Genes underlying complex diseases tend to share functional annotation

A list of 29 Online Mendelian Inheritance in Man (OMIM) diseases was compiled for which three or more contributing genes were known (and were also present within Ensembl), and the degree to which genes for the same disease shared InterPro domain and GO identifiers (IDs) was assessed. Of the 163 disease genes in the 29 sets, 131 (80%) shared an ID with another gene for the same disease, and 102 (63%) share two or more IDs with other genes for the same disease (Table 1). Across the diseases surveyed, 26 of 29 (90%) have contributing genes that share at least one ID. Thus there appears to be a strong tendency for disease genes to share annotation (but see Materials and methods for the potential bias in these data). This extends previous work that showed a correlation between gene functions and features (such as age of onset) of the diseases they predispose to [7].

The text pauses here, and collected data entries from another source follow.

(* Let $f:[1,3]\to[1,3]$ be defined by $f(x)=-2x+5$ for $1\le x\le 2$ and $f(x)=x-1$ for $2\le x\le 3$. Then: (a) for every positive integer $m$, if $a_m$ denotes the number of distinct solutions $x\in[1,3]$ of $f^m(x)=x$, then $(a_m)_{m\ge1}$ is the Lucas sequence, i.e. $a_1=1$, $a_2=3$ and $a_{m+2}=a_{m+1}+a_m$ for all $m\ge1$; (b) for every positive integer $m$, $f$ has exactly $\Phi_1(m)/m$ distinct periodic orbits of minimal period $m$; (c) the sequence $(\Phi_1(m)/m)_{m\ge 6}$ is strictly increasing, and $\lim_{m\to\infty}\dfrac{\Phi_1(m+1)/(m+1)}{\Phi_1(m)/m}=\dfrac{1+\sqrt5}{2}$.
   Context: Here $f^m$ denotes the $m$-th iterate of $f$; a point $x$ has minimal period $m$ if $f^m(x)=x$ and its orbit $\{f^k(x):k\ge0\}$ has exactly $m$ elements. For an integer-valued function $\phi$ on the positive integers, define $\Phi(1,\phi)=\phi(1)$ and, if $m=p_1^{k_1}\cdots p_r^{k_r}$ with distinct primes $p_i$ and $r,k_i\ge1$, $\Phi(m,\phi)=\phi(m)-\sum_{i}\phi(m/p_i)+\sum_{i_1<i_2}\phi(m/(p_{i_1}p_{i_2}))-\cdots+(-1)^r\phi(m/(p_1\cdots p_r))$, the sums over indices in $\{1,\dots,r\}$ (equivalently $\Phi(m,\phi)=\sum_{d\mid m}\mu(m/d)\phi(d)$ with $\mu$ the Möbius function). Let $\phi$ be the Lucas sequence ($\phi(1)=1,\phi(2)=3,\phi(m+2)=\phi(m+1)+\phi(m)$) and set $\Phi_1(m)=\Phi(m,\phi)$. *)

theory Defs
  imports Complex_Main "HOL-Computational_Algebra.Primes"
begin

text \<open>The piecewise linear map on [1,3] (values outside [1,3] are irrelevant).\<close>
definition fmap :: "real \<Rightarrow> real" where
  "fmap x = (if x \<le> 2 then -2 * x + 5 else x - 1)"

text \<open>Lucas sequence: lucas 1 = 1, lucas 2 = 3, lucas (m+2) = lucas (m+1) + lucas m
  (lucas 0 = 2 is the usual convention, unused).\<close>
fun lucas :: "nat \<Rightarrow> int" where
  "lucas 0 = 2"
| "lucas (Suc 0) = 1"
| "lucas (Suc (Suc n)) = lucas (Suc n) + lucas n"

text \<open>The paper's inclusion-exclusion over distinct prime divisors of m;
  for m = 1 the set of prime factors is empty and this gives phi 1.\<close>
definition Phi :: "nat \<Rightarrow> (nat \<Rightarrow> int) \<Rightarrow> int" where
  "Phi m phi = (\<Sum>S \<in> Pow (prime_factors m). (-1) ^ card S * phi (m div \<Prod>S))"

definition Phi1 :: "nat \<Rightarrow> int" where
  "Phi1 m = Phi m lucas"

definition orbit :: "(real \<Rightarrow> real) \<Rightarrow> real \<Rightarrow> real set" where
  "orbit g x = {(g ^^ k) x | k. True}"

definition has_min_period :: "(real \<Rightarrow> real) \<Rightarrow> nat \<Rightarrow> real \<Rightarrow> bool" where
  "has_min_period g m x \<longleftrightarrow> (g ^^ m) x = x \<and> finite (orbit g x) \<and> card (orbit g x) = m"

end

theory Submission
  imports Defs "HOL-Number_Theory.Fib"
begin

(* The map fmap has two monotone branches on [1,3]: the lower one on [1,2]
   (slope -2, onto [1,3]) and the upper one on [2,3] (slope 1, onto [1,2]).  Recording
   for each point of an orbit whether it lies above 2 gives its itinerary, a word over
   bool in which the upper symbol True is never followed by True.

   (a) The fixed points of fmap^m in [1,3] correspond bijectively to the cyclically
   admissible words of length m (no two cyclically adjacent True's): a point goes to its
   itinerary, a word goes to the unique fixed point of the composition of inverse
   branches it prescribes, an affine contraction.  These words are counted by Lucas
   numbers, via a Fibonacci count of the linearly admissible words.
   (b) For any map, the fixed points of g^m split into the points of minimal period d,
   d dividing m, and the points of minimal period m split into orbits of size m.  So
   lucas m is the divisor sum of the numbers of points of minimal period, and
   inclusion-exclusion over the prime factors (Moebius inversion, the form Phi) shows
   that Phi1 m is the number of points of minimal period m.
   (c) From this divisor-sum relation and Phi1 >= 0 we get
   lucas m - sum_{k <= m/2} lucas k <= Phi1 m <= lucas m; together with Binet's formula
   for the Lucas numbers this gives Phi1 m / phi^m --> 1 for the golden ratio phi, hence
   the limit of the ratios, and (with two exact small values) the monotonicity. *)


section \<open>Admissible words and their number\<close>

text \<open>True stands for the upper branch.  A word is admissible if no True is directly
  followed by True, and cyclically admissible if moreover its last letter and its first
  letter are not both True.\<close>

fun admissible :: "bool list \<Rightarrow> bool" where
  "admissible (a # b # w) \<longleftrightarrow> \<not> (a \<and> b) \<and> admissible (b # w)"
| "admissible _ \<longleftrightarrow> True"

definition cyc_admissible :: "bool list \<Rightarrow> bool" where
  "cyc_admissible w \<longleftrightarrow> admissible w \<and> (w \<noteq> [] \<longrightarrow> \<not> (last w \<and> hd w))"

definition adm_words :: "nat \<Rightarrow> bool list set" where
  "adm_words n = {w. length w = n \<and> admissible w}"

definition cyc_words :: "nat \<Rightarrow> bool list set" where
  "cyc_words n = {w. length w = n \<and> cyc_admissible w}"

lemma successively_iff_nth:
  "successively P xs \<longleftrightarrow> (\<forall>j. Suc j < length xs \<longrightarrow> P (xs ! j) (xs ! Suc j))"
proof (induction P xs rule: successively.induct)
  case (3 P x y xs)
  then show ?case by (auto simp: nth_Cons less_Suc_eq_0_disj split: nat.splits)
qed auto

lemma admissible_nth: "admissible w \<longleftrightarrow> (\<forall>j. Suc j < length w \<longrightarrow> \<not> (w ! j \<and> w ! Suc j))"
proof -
  have "admissible w = successively (\<lambda>a b. \<not> (a \<and> b)) w"
    by (induction w rule: admissible.induct) auto
  then show ?thesis by (simp only: successively_iff_nth)
qed

lemma admissible_drop: "admissible w \<Longrightarrow> admissible (drop i w)"
  by (simp add: admissible_nth)

lemma finite_words_of_length: "finite {w :: bool list. length w = n}"
  using finite_lists_length_eq[of "UNIV :: bool set" n] by simp

lemma finite_adm_words: "finite (adm_words n)"
  by (rule finite_subset[of _ "{w. length w = n}"]) (auto simp: adm_words_def finite_words_of_length)

lemma finite_cyc_words: "finite (cyc_words n)"
  by (rule finite_subset[of _ "{w. length w = n}"]) (auto simp: cyc_words_def finite_words_of_length)

lemma card_Un_images:
  assumes "inj f" "inj g" "f ` A \<inter> g ` B = {}" "finite A" "finite B"
  shows "card (f ` A \<union> g ` B) = card A + card B"
  using assms by (simp add: card_Un_disjoint card_image inj_on_subset)

lemma admissible_Cons_False [simp]: "admissible (False # w) \<longleftrightarrow> admissible w"
  by (cases w) simp_all

lemma admissible_snoc_False [simp]: "admissible (w @ [False]) \<longleftrightarrow> admissible w"
  by (induction w rule: admissible.induct) simp_all
lemma lower_median_left_cont:
  fixes Y :: "real \<Rightarrow> 'a \<Rightarrow> real"
  assumes \<alpha>: "\<alpha> \<in> {0<..1}"
    and meas: "\<And>\<beta>. \<beta> \<in> {0<..1} \<Longrightarrow> Y \<beta> \<in> borel_measurable M"
    and pointwise: "\<And>\<omega>. \<omega> \<in> space M \<Longrightarrow> mono_left_cont (\<lambda>\<beta>. Y \<beta> \<omega>)"
    and below: "\<And>\<beta>. \<beta> \<in> {0<..<\<alpha>} \<Longrightarrow> lower_median M (Y \<beta>) \<le> c"
  shows "lower_median M (Y \<alpha>) \<le> c"
proof -
  have events: "{\<omega>\<in>space M. Y \<beta> \<omega> \<le> c} \<in> events" if "\<beta> \<in> {0<..1}" for \<beta>
    using that by (intro borel_measurable_le meas measurable_const) auto
  have "1/2 \<le> prob (\<Inter>\<beta>\<in>{0<..<\<alpha>}. {\<omega>\<in>space M. Y \<beta> \<omega> \<le> c})"
  proof (rule prob_INT_antimono_ge)
    show "{\<omega>\<in>space M. Y \<gamma> \<omega> \<le> c} \<subseteq> {\<omega>\<in>space M. Y \<beta> \<omega> \<le> c}"
      if "0 < \<beta>" "\<beta> \<le> \<gamma>" "\<gamma> < \<alpha>" for \<beta> \<gamma>
    proof -
      have "Y \<beta> \<omega> \<le> Y \<gamma> \<omega>" if "\<omega> \<in> space M" for \<omega>
        using \<open>0 < \<beta>\<close> \<open>\<beta> \<le> \<gamma>\<close> \<open>\<gamma> < \<alpha>\<close> \<alpha> pointwise[OF that]
        by (intro mono_left_cont_mono[where f="\<lambda>\<beta>. Y \<beta> \<omega>"]) auto
      then show ?thesis
        by (auto intro: order_trans)
    qed
  qed (use \<alpha> events meas below lower_median_le_iff in auto)
  also have "\<dots> \<le> prob {\<omega>\<in>space M. Y \<alpha> \<omega> \<le> c}"
  proof (rule finite_measure_mono)
    show "(\<Inter>\<beta>\<in>{0<..<\<alpha>}. {\<omega>\<in>space M. Y \<beta> \<omega> \<le> c}) \<subseteq> {\<omega>\<in>space M. Y \<alpha> \<omega> \<le> c}"
    proof
      fix \<omega> assume \<omega>: "\<omega> \<in> (\<Inter>\<beta>\<in>{0<..<\<alpha>}. {\<omega>\<in>space M. Y \<beta> \<omega> \<le> c})"
      moreover have "\<alpha> / 2 \<in> {0<..<\<alpha>}"
        using \<alpha> by simp
      ultimately have "\<omega> \<in> space M"
        by blast
      with \<omega> \<alpha> show "\<omega> \<in> {\<omega>\<in>space M. Y \<alpha> \<omega> \<le> c}"
        by (auto intro: mono_left_cont_le[OF pointwise])
    qed
  qed (use \<alpha> events in auto)
  finally show ?thesis
    using \<alpha> meas lower_median_le_iff by auto
qed
lemma sigma_n_not_realizable:
  assumes "2 \<le> k"
  shows "\<not> realizable (sigma_n k)"
proof
  assume "realizable (sigma_n k)"
  define n where "n = 2 * k + 1"
  define c :: real where "c = real k / real (k + 1)"
  define es where "es = replicate (k + 1) (- complex_of_real c) @ replicate k 1"
  have es: "sigma_n k = mset es" unfolding sigma_n_def es_def c_def by (simp add: add.commute)
  have "size (mset es) = n" unfolding es_def n_def by simp
  moreover have "(\<Prod>x\<in>#mset es. [:-x, 1:]) = (\<Prod>a\<leftarrow>es. [:-a, 1:])"
    by (metis mset_map prod_mset_prod_list)
  ultimately obtain A :: "real mat" where A: "A \<in> carrier_mat n n"
    and nonneg: "\<And>i j. i < n \<Longrightarrow> j < n \<Longrightarrow> A $$ (i,j) \<ge> 0"
    and cp: "char_poly (map_mat complex_of_real A) = (\<Prod>a\<leftarrow>es. [:-a, 1:])"
    using \<open>realizable (sigma_n k)\<close> unfolding realizable_def es by auto
  have "complex_of_real (trace A) = sum_mset (sigma_n k)"
    using trace_eq_sum_list_eigenvalues[OF _ cp] A
    unfolding trace_of_real_mat[OF A, symmetric] es by (simp add: sum_mset_sum_list)
  then have diag0: "A $$ (i,i) = 0" if "i < n" for i
    using nonneg_trace_zero_diag[OF A nonneg _ that] sum_mset_sigma_n by simp
  define M where "M = (1 / (1 + c)) \<cdot>\<^sub>m (A + c \<cdot>\<^sub>m 1\<^sub>m n)"
  have M: "M \<in> carrier_mat n n" unfolding M_def using A by simp
  have ann: "M ^\<^sub>m (k + 1) * (M - 1\<^sub>m n) ^\<^sub>m k = 0\<^sub>m n n"
    unfolding M_def using A cp unfolding es_def c_def
    by (intro shifted_two_eigenvalues_annihilated) auto
  have diag: "M $$ (i,i) = real k / real (2 * k + 1)" if "i < n" for i
  proof -
    have "M $$ (i,i) = c / (1 + c)" unfolding M_def using that A diag0[OF that] by simp
    also have "\<dots> = (real k / real (k + 1)) * (real (k + 1) / real (2 * k + 1))"
      unfolding c_def by (simp add: field_simps)
    finally show ?thesis by simp
  qed
  have "M $$ (i,j) \<ge> 0" if "i < n" "j < n" for i j
    unfolding M_def c_def using that A nonneg[OF that] by auto
  then obtain s :: nat where "real s * (real k / real (2 * k + 1)) = 1"
    using annihilated_nonneg_const_diagonal_reciprocal_nat[OF M _ _ diag _ ann] \<open>2 \<le> k\<close> unfolding n_def by auto
  then have "s * k = 2 * k + 1" by (simp add: field_simps flip: of_nat_mult)
  then have "k dvd 2 * k + 1" by (metis dvd_triv_right)
  then have "k dvd 1" using dvd_add_right_iff[of k "2 * k" 1] by simp
  then show False using \<open>2 \<le> k\<close> by simp
qed

theorem theorem2:
  fixes k :: nat
  assumes "k \<ge> 2"
  shows "size (sigma_n k) = 2 * k + 1 \<and> sum_mset (sigma_n k) = 0 \<and> \<not> realizable (sigma_n k)"
  using sum_mset_sigma_n sigma_n_not_realizable[OF assms] by (simp add: sigma_n_def)

end
(* Let $k\ge 2$, let $H$ be a digraph (possibly with loops), and let $D$ be an $H$-colored local out-tournament. If every directed cycle in $D$ has $H$-length at most $k-2$, then $D$ has a $(k,H)$-kernel.
   Context: All digraphs are finite. A local out-tournament is a digraph $D$ such that for every vertex $x$, the subdigraph induced by the out-neighbourhood $N^+(x)$ is a tournament (every two distinct vertices joined by exactly one arc). $D$ has no loops and comes with a map $\rho: A(D)\to V(H)$. For a walk $W=(x_0,\ldots,x_n)$ in $D$, there is an obstruction on $x_i$ if $(\rho(x_{i-1},x_i),\rho(x_i,x_{i+1})) \notin A(H)$; for an open walk this is considered at internal vertices $x_i$, $1\le i\le n-1$, for a closed walk (such as a cycle) at all $i\in\{0,\ldots,n-1\}$ with indices modulo $n$. $O_H(W)$ is the set of indices with an obstruction; the $H$-length is $l_H(W)=|O_H(W)|+1$ for open $W$ and $|O_H(W)|$ for closed $W$. A $(k,H)$-kernel ($k\ge2$) is a set $S\subseteq V(D)$ such that for every two distinct $u,v\in S$ every directed $uv$-path in $D$ has $H$-length at least $k$, and for every $x\in V(D)\setminus S$ there is a directed path from $x$ to a vertex of $S$ of $H$-length at most $k-1$. *)

theory Defs
  imports Main
begin

text \<open>A digraph D is given by a vertex set V and an arc set A (a relation, so no
multiple arcs).\<close>

definition digraph :: "'a set \<Rightarrow> ('a \<times> 'a) set \<Rightarrow> bool" where
  "digraph V A \<longleftrightarrow> finite V \<and> A \<subseteq> V \<times> V"

definition loopless :: "('a \<times> 'a) set \<Rightarrow> bool" where
  "loopless A \<longleftrightarrow> (\<forall>x. (x, x) \<notin> A)"

definition local_out_tournament :: "'a set \<Rightarrow> ('a \<times> 'a) set \<Rightarrow> bool" where
  "local_out_tournament V A \<longleftrightarrow>
     (\<forall>x\<in>V. \<forall>u v. (x, u) \<in> A \<and> (x, v) \<in> A \<and> u \<noteq> v \<longrightarrow>
        ((u, v) \<in> A \<longleftrightarrow> (v, u) \<notin> A))"

definition H_coloring :: "('a \<times> 'a) set \<Rightarrow> 'c set \<Rightarrow> ('a \<times> 'a \<Rightarrow> 'c) \<Rightarrow> bool" where
  "H_coloring A VH rho \<longleftrightarrow> (\<forall>a\<in>A. rho a \<in> VH)"

definition dwalk :: "('a \<times> 'a) set \<Rightarrow> 'a list \<Rightarrow> bool" where
  "dwalk A xs \<longleftrightarrow> xs \<noteq> [] \<and> (\<forall>i. Suc i < length xs \<longrightarrow> (xs ! i, xs ! Suc i) \<in> A)"

definition dpath :: "('a \<times> 'a) set \<Rightarrow> 'a list \<Rightarrow> bool" where
  "dpath A xs \<longleftrightarrow> dwalk A xs \<and> distinct xs"

text \<open>A directed cycle (x0,...,x(n-1),x0) is represented by the list [x0,...,x(n-1)].\<close>
definition dcycle :: "('a \<times> 'a) set \<Rightarrow> 'a list \<Rightarrow> bool" where
  "dcycle A xs \<longleftrightarrow> length xs \<ge> 2 \<and> distinct xs \<and>
     (\<forall>i < length xs. (xs ! i, xs ! ((i + 1) mod length xs)) \<in> A)"

definition obstructions_open :: "('c \<times> 'c) set \<Rightarrow> ('a \<times> 'a \<Rightarrow> 'c) \<Rightarrow> 'a list \<Rightarrow> nat set" where
  "obstructions_open AH rho xs =
     {i. 1 \<le> i \<and> Suc i < length xs \<and>
         (rho (xs ! (i - 1), xs ! i), rho (xs ! i, xs ! Suc i)) \<notin> AH}"

definition H_length_open :: "('c \<times> 'c) set \<Rightarrow> ('a \<times> 'a \<Rightarrow> 'c) \<Rightarrow> 'a list \<Rightarrow> nat" where
  "H_length_open AH rho xs = card (obstructions_open AH rho xs) + 1"

definition obstructions_closed :: "('c \<times> 'c) set \<Rightarrow> ('a \<times> 'a \<Rightarrow> 'c) \<Rightarrow> 'a list \<Rightarrow> nat set" where
  "obstructions_closed AH rho xs =
     (let n = length xs in
      {i. i < n \<and>
         (rho (xs ! ((i + n - 1) mod n), xs ! i), rho (xs ! i, xs ! ((i + 1) mod n))) \<notin> AH})"

definition H_length_closed :: "('c \<times> 'c) set \<Rightarrow> ('a \<times> 'a \<Rightarrow> 'c) \<Rightarrow> 'a list \<Rightarrow> nat" where
  "H_length_closed AH rho xs = card (obstructions_closed AH rho xs)"

definition kH_kernel ::
  "'a set \<Rightarrow> ('a \<times> 'a) set \<Rightarrow> ('c \<times> 'c) set \<Rightarrow> ('a \<times> 'a \<Rightarrow> 'c) \<Rightarrow> nat \<Rightarrow> 'a set \<Rightarrow> bool" where
  "kH_kernel V A AH rho k S \<longleftrightarrow> S \<subseteq> V \<and>
     (\<forall>u\<in>S. \<forall>v\<in>S. u \<noteq> v \<longrightarrow>
        (\<forall>p. dpath A p \<and> hd p = u \<and> last p = v \<longrightarrow> H_length_open AH rho p \<ge> k)) \<and>
     (\<forall>x\<in>V - S. \<exists>p. dpath A p \<and> hd p = x \<and> last p \<in> S \<and> H_length_open AH rho p \<le> k - 1)"

end

theory Submission
  imports Defs
begin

Table 1 The full results of POCUS analysis for 29 OMIM diseases, over locus sizes of 100, 500 and 1,000 IDs at a threshold of 0.8

Prediction of disease genes by over-representation of shared identifiers

The disease genes for each of the 29 diseases were used to produce artificial locus sets containing the disease genes and many flanking genes, and each set was analyzed using POCUS to find genes possessing IDs over-represented among two or more loci. The three locus sizes tested were 100, 500 and 1,000 IDs, and these corresponded to 20, 94 and 187 genes per locus on average, respectively. Assuming a rough average gene density of one every 100 kilobases (kb) [8] the range of physical locus sizes examined was therefore 2-19 megabases (Mb), which is within the range for susceptibility regions identified in positional cloning studies. Various threshold scores were tested, but here we present data only for the most successful (0.8) and a more liberal value (0.5) for comparison. The results refer to the positive control sets of disease genes at the 0.8 threshold unless stated otherwise. POCUS was found to perform differently on the locus sets for different diseases. The method was successful (correctly identifying two or more disease genes) for 65%, 19% and 15% of positive control sets, respectively, at the three locus sizes. Four diseases in particular (epidermolysis bullosa letalis, inflammatory bowel disease, colorectal cancer and cardiomyopathy) were found to be particularly amenable to analysis using POCUS, with many of their disease genes still correctly identified at the largest locus size (Table 1).

For any given locus three outcomes were possible, POCUS may have returned the disease gene (and often others) above the threshold, it may have returned only non-disease genes scoring above the threshold, or it may have returned no genes above the threshold. Figure 1 depicts the rates of each possible outcome per locus. It shows that in 49-75% of loci (depending on locus size), no genes scored above the threshold of 0.8, that is, POCUS was unable to detect any candidates but equally did not return any non-disease genes either. Correspondingly, in 6-15% of loci, only non-disease genes exceeded this threshold, and in the remainder of loci the disease gene was correctly identified (45%, 15% and 11% respectively at the three locus sizes). As Figure 1 shows, compared with 0.5, the more stringent threshold of 0.8, while resulting in a small loss of true positives (correctly identified disease genes), more efficiently reduced the number of false positives (non-disease genes) returned as candidates by POCUS. At the 0.8 threshold, the relative enrichment for disease genes within those genes above the threshold was 12-fold (95% confidence intervals (CI): 9.74-15.83), 29-fold (95% CI: 18.79-43.24) and 42-fold (95% CI: 25.36-69.45), respectively, at the three locus sizes. This means, for example, that any gene from a locus 1,000 IDs in size was 42 times more likely to be the disease gene if it was picked from those genes above the threshold than if it was chosen at random from the locus.

Figure 1
figure 1

POCUS results per locus for positive control sets of disease genes: the percentage of loci for each of three outcomes is plotted against locus size (100, 500, and 1,000 IDs) at two threshold scores (0.5 and 0.8). The outcome 'No genes exceed threshold' corresponds to the rate of false negatives, 'Only non-disease genes exceed threshold' corresponds to the rate of false positives, and 'Disease gene exceeds threshold' corresponds to the rate of true positives.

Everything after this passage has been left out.